*DATA*
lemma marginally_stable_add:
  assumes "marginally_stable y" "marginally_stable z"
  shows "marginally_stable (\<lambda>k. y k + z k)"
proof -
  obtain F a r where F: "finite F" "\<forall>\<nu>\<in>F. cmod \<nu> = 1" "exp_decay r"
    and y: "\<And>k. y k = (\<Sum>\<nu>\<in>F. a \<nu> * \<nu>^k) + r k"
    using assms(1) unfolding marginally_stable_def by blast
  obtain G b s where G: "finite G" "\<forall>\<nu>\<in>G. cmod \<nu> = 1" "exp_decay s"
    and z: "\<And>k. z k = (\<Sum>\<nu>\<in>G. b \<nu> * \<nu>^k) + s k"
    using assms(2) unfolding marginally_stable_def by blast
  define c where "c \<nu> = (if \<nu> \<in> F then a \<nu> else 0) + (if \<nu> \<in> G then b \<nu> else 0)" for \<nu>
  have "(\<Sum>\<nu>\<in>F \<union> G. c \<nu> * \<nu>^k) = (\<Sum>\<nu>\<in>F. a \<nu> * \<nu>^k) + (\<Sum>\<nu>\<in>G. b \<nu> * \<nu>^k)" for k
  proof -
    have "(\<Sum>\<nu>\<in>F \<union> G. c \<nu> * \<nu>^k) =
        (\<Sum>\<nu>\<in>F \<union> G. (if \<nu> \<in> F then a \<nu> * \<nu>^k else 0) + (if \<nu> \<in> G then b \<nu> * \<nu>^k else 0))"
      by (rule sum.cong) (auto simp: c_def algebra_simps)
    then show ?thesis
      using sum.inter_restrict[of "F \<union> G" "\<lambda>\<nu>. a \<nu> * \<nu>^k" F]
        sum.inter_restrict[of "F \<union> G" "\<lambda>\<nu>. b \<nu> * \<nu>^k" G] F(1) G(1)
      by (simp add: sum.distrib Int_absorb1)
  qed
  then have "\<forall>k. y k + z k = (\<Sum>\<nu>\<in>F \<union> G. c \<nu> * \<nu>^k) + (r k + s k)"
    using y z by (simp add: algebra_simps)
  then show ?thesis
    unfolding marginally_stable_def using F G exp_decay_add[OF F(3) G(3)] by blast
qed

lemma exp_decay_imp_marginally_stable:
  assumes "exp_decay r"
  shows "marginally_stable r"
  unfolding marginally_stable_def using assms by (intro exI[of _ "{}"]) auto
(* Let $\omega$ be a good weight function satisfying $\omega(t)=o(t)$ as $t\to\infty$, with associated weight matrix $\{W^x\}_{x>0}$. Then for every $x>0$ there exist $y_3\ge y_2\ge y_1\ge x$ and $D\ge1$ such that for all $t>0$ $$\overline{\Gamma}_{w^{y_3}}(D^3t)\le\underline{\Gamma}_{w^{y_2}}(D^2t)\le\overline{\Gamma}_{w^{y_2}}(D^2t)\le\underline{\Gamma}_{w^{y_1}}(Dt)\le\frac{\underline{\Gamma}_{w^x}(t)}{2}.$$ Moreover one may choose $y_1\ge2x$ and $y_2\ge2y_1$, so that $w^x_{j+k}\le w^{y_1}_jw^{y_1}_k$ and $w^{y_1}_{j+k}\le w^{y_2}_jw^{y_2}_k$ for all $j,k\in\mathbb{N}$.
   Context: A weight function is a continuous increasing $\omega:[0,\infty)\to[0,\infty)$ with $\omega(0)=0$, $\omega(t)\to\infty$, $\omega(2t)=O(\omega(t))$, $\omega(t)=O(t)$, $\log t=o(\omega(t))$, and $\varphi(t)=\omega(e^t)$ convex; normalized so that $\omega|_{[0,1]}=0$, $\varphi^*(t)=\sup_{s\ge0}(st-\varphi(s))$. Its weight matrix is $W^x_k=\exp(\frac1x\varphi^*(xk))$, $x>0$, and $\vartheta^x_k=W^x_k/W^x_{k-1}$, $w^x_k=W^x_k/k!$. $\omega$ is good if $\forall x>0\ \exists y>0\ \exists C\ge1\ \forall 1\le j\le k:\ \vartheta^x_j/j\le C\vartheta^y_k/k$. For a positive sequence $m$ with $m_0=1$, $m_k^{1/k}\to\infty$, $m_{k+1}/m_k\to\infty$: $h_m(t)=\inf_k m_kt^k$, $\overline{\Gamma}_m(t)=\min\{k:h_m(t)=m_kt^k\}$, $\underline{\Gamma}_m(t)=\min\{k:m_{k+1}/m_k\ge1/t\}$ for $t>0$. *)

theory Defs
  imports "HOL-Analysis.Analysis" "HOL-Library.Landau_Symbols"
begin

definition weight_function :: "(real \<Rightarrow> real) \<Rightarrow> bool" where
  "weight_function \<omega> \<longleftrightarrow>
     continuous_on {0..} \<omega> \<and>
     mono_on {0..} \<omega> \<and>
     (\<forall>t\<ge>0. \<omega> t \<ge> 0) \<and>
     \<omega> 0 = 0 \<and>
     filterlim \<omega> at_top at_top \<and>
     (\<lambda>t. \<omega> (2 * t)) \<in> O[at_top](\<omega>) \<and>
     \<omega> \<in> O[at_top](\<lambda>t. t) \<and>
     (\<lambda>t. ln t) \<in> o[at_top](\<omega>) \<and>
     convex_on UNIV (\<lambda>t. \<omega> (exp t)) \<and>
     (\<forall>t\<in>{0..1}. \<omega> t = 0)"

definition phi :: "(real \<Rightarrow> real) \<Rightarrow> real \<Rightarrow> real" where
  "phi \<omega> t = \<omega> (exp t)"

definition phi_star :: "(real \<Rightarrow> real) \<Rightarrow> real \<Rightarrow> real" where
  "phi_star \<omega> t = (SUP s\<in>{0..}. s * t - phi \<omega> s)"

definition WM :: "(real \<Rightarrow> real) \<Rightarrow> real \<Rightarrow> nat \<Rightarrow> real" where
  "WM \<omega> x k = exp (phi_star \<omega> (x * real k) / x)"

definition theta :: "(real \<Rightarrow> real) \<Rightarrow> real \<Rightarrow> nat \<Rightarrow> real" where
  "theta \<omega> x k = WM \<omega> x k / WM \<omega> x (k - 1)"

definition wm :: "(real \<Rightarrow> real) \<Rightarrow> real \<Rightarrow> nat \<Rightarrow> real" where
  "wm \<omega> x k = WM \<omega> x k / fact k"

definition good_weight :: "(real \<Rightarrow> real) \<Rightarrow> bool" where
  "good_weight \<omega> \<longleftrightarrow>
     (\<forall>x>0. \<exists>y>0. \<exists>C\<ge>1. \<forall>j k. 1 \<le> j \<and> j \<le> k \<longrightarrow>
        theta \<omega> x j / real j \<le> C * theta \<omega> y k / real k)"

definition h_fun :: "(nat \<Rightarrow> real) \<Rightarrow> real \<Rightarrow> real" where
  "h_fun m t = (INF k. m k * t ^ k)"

==

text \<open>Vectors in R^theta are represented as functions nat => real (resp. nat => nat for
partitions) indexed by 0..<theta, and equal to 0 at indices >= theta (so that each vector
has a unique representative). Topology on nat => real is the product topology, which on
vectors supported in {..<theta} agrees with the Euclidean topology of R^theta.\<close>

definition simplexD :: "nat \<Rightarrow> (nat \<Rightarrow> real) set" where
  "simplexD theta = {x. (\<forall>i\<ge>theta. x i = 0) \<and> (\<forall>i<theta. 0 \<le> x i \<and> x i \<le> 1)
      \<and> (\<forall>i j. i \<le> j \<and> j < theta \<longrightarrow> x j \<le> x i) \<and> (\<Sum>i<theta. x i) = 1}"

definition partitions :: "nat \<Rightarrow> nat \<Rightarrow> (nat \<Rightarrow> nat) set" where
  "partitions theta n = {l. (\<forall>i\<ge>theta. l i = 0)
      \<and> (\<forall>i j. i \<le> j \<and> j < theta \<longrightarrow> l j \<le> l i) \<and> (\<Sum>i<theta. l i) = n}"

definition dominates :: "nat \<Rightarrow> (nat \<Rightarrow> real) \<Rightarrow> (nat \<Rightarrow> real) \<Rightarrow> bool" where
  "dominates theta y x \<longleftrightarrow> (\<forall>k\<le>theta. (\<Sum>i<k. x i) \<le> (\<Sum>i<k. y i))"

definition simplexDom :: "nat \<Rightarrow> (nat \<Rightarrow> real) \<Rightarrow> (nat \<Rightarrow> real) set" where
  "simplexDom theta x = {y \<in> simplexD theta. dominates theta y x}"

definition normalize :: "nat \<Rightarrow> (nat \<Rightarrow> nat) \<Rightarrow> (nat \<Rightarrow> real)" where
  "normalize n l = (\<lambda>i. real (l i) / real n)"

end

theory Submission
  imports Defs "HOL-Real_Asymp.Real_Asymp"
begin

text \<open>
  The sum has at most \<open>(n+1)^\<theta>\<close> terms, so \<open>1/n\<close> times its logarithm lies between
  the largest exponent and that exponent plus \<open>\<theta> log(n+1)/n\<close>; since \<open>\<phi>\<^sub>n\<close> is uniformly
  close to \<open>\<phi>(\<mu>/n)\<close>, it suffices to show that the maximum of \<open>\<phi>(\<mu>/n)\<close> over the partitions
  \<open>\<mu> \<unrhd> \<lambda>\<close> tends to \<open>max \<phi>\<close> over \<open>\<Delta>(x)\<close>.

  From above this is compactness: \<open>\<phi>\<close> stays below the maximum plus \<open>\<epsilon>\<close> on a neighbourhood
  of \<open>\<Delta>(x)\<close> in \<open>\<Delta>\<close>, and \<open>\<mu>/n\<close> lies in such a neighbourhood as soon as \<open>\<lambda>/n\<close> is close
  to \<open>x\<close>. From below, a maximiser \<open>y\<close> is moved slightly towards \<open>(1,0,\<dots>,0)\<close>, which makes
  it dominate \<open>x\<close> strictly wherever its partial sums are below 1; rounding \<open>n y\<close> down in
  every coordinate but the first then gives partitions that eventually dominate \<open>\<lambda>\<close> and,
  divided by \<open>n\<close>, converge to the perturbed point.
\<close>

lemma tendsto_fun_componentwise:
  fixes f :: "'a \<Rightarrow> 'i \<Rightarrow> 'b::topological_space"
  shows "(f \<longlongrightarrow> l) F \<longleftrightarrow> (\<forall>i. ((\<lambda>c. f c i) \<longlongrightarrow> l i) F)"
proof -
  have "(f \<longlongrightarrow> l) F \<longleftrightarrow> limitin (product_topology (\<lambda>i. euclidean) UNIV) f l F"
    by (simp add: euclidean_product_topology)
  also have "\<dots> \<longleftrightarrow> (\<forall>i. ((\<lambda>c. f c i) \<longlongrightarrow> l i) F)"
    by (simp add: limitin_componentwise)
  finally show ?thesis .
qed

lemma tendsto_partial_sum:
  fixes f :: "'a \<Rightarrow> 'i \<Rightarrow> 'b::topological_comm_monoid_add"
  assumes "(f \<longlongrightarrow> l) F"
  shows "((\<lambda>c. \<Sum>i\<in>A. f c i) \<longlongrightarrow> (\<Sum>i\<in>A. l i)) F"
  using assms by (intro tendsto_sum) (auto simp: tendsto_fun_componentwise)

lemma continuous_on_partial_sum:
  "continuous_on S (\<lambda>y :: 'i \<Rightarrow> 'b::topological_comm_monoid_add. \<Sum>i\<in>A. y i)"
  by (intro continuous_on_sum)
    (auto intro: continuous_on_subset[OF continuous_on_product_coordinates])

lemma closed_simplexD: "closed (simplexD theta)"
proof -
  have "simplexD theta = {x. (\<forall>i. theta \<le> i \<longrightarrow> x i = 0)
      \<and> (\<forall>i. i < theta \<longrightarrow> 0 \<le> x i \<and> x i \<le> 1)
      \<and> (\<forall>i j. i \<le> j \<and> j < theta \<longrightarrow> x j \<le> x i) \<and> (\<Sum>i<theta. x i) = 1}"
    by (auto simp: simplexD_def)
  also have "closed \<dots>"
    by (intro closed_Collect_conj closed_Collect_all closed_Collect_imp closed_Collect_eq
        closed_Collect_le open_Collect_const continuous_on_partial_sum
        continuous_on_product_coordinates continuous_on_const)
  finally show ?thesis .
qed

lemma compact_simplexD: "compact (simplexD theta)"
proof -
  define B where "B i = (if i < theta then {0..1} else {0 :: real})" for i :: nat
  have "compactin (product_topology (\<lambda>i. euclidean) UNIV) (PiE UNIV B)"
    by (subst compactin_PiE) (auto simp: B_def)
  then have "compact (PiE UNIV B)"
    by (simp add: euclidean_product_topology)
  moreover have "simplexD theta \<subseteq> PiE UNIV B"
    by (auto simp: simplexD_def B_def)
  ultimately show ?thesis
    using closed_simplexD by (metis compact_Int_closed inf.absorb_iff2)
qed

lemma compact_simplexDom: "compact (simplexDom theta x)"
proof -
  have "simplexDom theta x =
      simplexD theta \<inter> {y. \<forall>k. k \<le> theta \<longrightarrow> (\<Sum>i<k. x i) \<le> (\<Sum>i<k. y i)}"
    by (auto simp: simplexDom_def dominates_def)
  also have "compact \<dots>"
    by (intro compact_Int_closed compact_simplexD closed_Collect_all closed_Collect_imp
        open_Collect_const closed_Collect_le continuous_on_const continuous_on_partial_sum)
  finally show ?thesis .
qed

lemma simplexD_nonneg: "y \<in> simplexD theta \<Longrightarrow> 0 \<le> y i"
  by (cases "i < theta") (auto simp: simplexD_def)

---

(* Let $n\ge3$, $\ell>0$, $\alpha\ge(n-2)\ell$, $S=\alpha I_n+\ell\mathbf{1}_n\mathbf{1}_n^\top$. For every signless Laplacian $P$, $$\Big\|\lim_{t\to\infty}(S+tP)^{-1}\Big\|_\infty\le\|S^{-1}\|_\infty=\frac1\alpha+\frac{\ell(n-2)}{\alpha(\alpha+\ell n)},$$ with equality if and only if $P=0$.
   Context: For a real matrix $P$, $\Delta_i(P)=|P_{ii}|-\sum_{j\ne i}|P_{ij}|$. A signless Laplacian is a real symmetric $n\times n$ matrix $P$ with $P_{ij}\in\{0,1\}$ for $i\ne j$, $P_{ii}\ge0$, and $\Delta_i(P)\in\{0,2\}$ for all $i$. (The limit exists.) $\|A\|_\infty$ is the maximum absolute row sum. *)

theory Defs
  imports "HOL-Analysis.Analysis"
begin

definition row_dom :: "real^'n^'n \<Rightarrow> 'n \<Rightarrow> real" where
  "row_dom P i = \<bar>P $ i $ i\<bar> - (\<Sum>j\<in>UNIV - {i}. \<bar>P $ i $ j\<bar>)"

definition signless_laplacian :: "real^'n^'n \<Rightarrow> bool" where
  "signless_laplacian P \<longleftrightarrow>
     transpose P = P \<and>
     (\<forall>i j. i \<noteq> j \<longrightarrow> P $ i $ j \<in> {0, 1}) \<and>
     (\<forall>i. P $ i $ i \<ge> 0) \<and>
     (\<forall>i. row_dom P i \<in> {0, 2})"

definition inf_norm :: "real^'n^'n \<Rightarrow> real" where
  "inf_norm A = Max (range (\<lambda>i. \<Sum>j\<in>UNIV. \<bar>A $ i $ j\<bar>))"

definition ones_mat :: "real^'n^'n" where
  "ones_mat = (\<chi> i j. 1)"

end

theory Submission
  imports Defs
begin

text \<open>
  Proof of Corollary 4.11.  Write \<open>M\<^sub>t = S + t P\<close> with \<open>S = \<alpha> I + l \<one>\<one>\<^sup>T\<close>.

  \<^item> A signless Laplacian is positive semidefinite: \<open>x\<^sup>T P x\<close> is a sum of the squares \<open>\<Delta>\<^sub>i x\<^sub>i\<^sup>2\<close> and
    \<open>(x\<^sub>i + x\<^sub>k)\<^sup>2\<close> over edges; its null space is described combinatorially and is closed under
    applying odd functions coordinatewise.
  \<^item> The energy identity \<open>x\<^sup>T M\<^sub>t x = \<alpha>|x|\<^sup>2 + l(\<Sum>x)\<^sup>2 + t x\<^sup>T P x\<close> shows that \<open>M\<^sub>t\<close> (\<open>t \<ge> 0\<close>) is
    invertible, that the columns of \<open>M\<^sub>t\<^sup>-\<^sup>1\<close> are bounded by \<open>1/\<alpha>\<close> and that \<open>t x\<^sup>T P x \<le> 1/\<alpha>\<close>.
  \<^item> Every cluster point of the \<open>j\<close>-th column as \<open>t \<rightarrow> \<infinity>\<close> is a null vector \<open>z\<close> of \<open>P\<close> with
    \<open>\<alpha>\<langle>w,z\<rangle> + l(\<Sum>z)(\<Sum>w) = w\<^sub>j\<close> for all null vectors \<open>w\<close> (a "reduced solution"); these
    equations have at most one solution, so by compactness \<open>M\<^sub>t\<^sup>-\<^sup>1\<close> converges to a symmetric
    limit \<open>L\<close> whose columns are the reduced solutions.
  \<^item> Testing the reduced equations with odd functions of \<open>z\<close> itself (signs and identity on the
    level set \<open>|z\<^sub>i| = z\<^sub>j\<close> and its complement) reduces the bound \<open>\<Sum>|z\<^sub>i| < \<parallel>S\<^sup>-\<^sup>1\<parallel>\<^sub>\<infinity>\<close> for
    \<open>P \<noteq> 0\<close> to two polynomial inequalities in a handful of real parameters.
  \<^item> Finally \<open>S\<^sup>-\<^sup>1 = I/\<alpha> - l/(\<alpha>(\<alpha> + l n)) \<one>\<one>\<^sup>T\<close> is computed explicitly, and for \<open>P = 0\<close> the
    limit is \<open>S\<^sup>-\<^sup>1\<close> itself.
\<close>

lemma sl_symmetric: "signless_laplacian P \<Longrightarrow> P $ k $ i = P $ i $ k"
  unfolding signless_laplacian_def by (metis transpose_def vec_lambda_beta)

*ACTIVITY*
Search the data above for the string "identity". Report every line where it is found.

*OUTPUT OF THE EXERCISE*
  \<^item> The energy identity \<open>x\<^sup>T M\<^sub>t x = \<alpha>|x|\<^sup>2 + l(\<Sum>x)\<^sup>2 + t x\<^sup>T P x\<close> shows that \<open>M\<^sub>t\<close> (\<open>t \<ge> 0\<close>) is
  \<^item> Testing the reduced equations with odd functions of \<open>z\<close> itself (signs and identity on the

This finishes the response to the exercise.